Edge density by itself does not give a lot of information about the graph, but it could be helpful to find bugs! For instance, inserting 100,000 documents and deleting 90% gave another distribution of edge density than just inserting 10,000 documents, even though the graphs have the same number of nodes!

For a sample of nodes, you can analyze their neighbor proximity, or more specifically, how close their neighbors in the graph are compared to the global distance distribution (e.g., if most are top 10%, bottom 30%). This helps detect potentially poorly connected nodes or biased neighborhoods. Listing these “badly” connected nodes gives both insight and could be used directly to figure out what nodes might be unreachable using the HNSW algorithm, even if not disconnected from the graph.

We created a tool to check if at least one neighbor is within the global best 15%, the best 2%, and the best 0.3%, to give an indication of which nodes might need to be reinserted into the graph.

Is HNSW a good choice for approximate nearest neighbor search?

We found the quality of an ANN search algorithm is often evaluated using three main metrics. The recall metric compares the retrieved neighbors to the exact nearest neighbors. The reason why HNSW doesn’t always give the same result as an exact search is that it can get stuck in a local minimum during the search. This happens when the search has found a set of nodes that doesn’t have any neighbors that are closer to the query vector and decide this set is the best, even though better nodes exist.

The other main metrics are response time and memory footprint of the data structure. HNSW scores very well on all of these metrics, which is why it’s considered a state of the art approximate nearest neighbor search and therefore chosen by Vespa.

While these metrics are the things we ultimately care about when analyzing the performance of a search, they don’t tell us a lot about what actually happens during a query execution. We took a deeper dive into the graph structure, query traces and the underlying vector data in hopes of finding more insight into HNSW, and maybe even the reason why it sometimes performs worse than expected.

A potentially more nuanced metric is the precision of the search, which measures how relevant the found approximate nearest neighbors are. Precision is typically defined as the fraction of retrieved neighbors that are relevant, while recall is the fraction of all relevant neighbors that are retrieved. In ANN search, high recall is usually prioritized, but precision can be useful for understanding the quality of the results.
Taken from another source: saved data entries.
(* Let $\mathcal{X}$ be a finite set and $\underline{Q}$ a lower transition rate operator on $\mathcal{L}(\mathcal{X})$. Then for any $t\ge0$: $\underline{T}_t$ is regularly absorbing if and only if it is 1-step absorbing.
   Context: $\mathcal{L}(\mathcal{X})$ is the set of real-valued functions on $\mathcal{X}$ with pointwise operations and order, real constants identified with constant functions, $\mathbb{I}_A$ the indicator of $A\subseteq\mathcal{X}$, $\mathbb{I}_x\coloneqq\mathbb{I}_{\{x\}}$; $\mathbb{N}=\{1,2,\dots\}$. A lower transition rate operator is a map $\underline{Q}\colon\mathcal{L}(\mathcal{X})\to\mathcal{L}(\mathcal{X})$ such that for all $f,g$, $\lambda\ge0$, $\mu\in\mathbb{R}$, $x,y\in\mathcal{X}$: $\underline{Q}(\mu)=0$; $\underline{Q}(f+g)\ge\underline{Q}f+\underline{Q}g$; $\underline{Q}(\lambda f)=\lambda\underline{Q}f$; $x\ne y\Rightarrow\underline{Q}(\mathbb{I}_y)(x)\ge0$. For each $f$, $t\mapsto\underline{T}_tf$ is the unique solution on $[0,\infty)$ of $\frac{d}{dt}\underline{T}_tf=\underline{Q}\,\underline{T}_tf$ with $\underline{T}_0f=f$ (existence and uniqueness are known); $\underline{T}_t$ denotes the operator $f\mapsto\underline{T}_tf$. For an operator $\underline{T}$ let $\overline{T}f\coloneqq-\underline{T}(-f)$ and powers denote composition. $\underline{T}$ is regularly absorbing if $\mathcal{X}_{\mathrm{RA}}\coloneqq\{x\colon\exists n\in\mathbb{N},\ \min\overline{T}^n\mathbb{I}_x>0\}\neq\emptyset$ and for every $x\in\mathcal{X}\setminus\mathcal{X}_{\mathrm{RA}}$ there is $n\in\mathbb{N}$ with $\underline{T}^n\mathbb{I}_{\mathcal{X}_{\mathrm{RA}}}(x)>0$. $\underline{T}$ is 1-step absorbing if $\mathcal{X}_{\mathrm{1A}}\coloneqq\{x\colon\min\overline{T}\mathbb{I}_x>0\}\neq\emptyset$ and $\underline{T}\mathbb{I}_{\mathcal{X}_{\mathrm{1A}}}(x)>0$ for every $x\in\mathcal{X}\setminus\mathcal{X}_{\mathrm{1A}}$. *)

theory Defs
  imports "HOL-Analysis.Analysis"
begin

type_synonym 'x gamble = "'x \<Rightarrow> real"

definition lower_rate_op :: "('x gamble \<Rightarrow> 'x gamble) \<Rightarrow> bool" where
  "lower_rate_op Q \<longleftrightarrow>
     (\<forall>\<mu>::real. Q (\<lambda>_. \<mu>) = (\<lambda>_. 0)) \<and>
     (\<forall>f g x. Q (\<lambda>y. f y + g y) x \<ge> Q f x + Q g x) \<and>
     (\<forall>(c::real) f. c \<ge> 0 \<longrightarrow> Q (\<lambda>y. c * f y) = (\<lambda>x. c * Q f x)) \<and>
     (\<forall>x y. x \<noteq> y \<longrightarrow> Q (indicator {y}) x \<ge> 0)"

definition generated_by :: "(real \<Rightarrow> 'x gamble \<Rightarrow> 'x gamble) \<Rightarrow> ('x gamble \<Rightarrow> 'x gamble) \<Rightarrow> bool" where
  "generated_by T Q \<longleftrightarrow>
     (\<forall>f. T 0 f = f \<and>
       (\<forall>t\<ge>0. \<forall>x. ((\<lambda>s. T s f x) has_real_derivative Q (T t f) x) (at t within {0..})))"

definition upper_op :: "('x gamble \<Rightarrow> 'x gamble) \<Rightarrow> 'x gamble \<Rightarrow> 'x gamble" where
  "upper_op T f = (\<lambda>x. - T (\<lambda>y. - f y) x)"

definition X_RA :: "('x::finite gamble \<Rightarrow> 'x gamble) \<Rightarrow> 'x set" where
  "X_RA T = {x. \<exists>n::nat. n \<ge> 1 \<and> Min (range (((upper_op T) ^^ n) (indicator {x}))) > 0}"

definition regularly_absorbing :: "('x::finite gamble \<Rightarrow> 'x gamble) \<Rightarrow> bool" where
  "regularly_absorbing T \<longleftrightarrow> X_RA T \<noteq> {} \<and>
     (\<forall>x \<in> UNIV - X_RA T. \<exists>n::nat. n \<ge> 1 \<and> (T ^^ n) (indicator (X_RA T)) x > 0)"

definition X_1A :: "('x::finite gamble \<Rightarrow> 'x gamble) \<Rightarrow> 'x set" where
  "X_1A T = {x. Min (range (upper_op T (indicator {x}))) > 0}"

definition one_step_absorbing :: "('x::finite gamble \<Rightarrow> 'x gamble) \<Rightarrow> bool" where
  "one_step_absorbing T \<longleftrightarrow> X_1A T \<noteq> {} \<and>
     (\<forall>x \<in> UNIV - X_1A T. T (indicator (X_1A T)) x > 0)"

end

theory Submission
  imports Defs
begin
Even if not all of the top-k true neighbors are returned, if most of the returned neighbors are close to the query, the search is still effective for semantic tasks.

We can also compare the distances of nodes visited during the query to those from random sampling. If the query distances are significantly better than random, your search is likely effective at navigating the graph to find relevant data:

The plot compares the distance distributions of nodes encountered during different search strategies: HNSW (red), ACORN-1 (orange), random sampling (green), and exact search (blue).

We see that HNSW reaches nodes that are much closer to the query than average. With only ~600 visited nodes, about 40% of them fall within the closest 5% of all points in the dataset. This “exponential” curve shows that HNSW efficiently guides the search toward the nearest neighbors and evaluates more nodes closer to the query.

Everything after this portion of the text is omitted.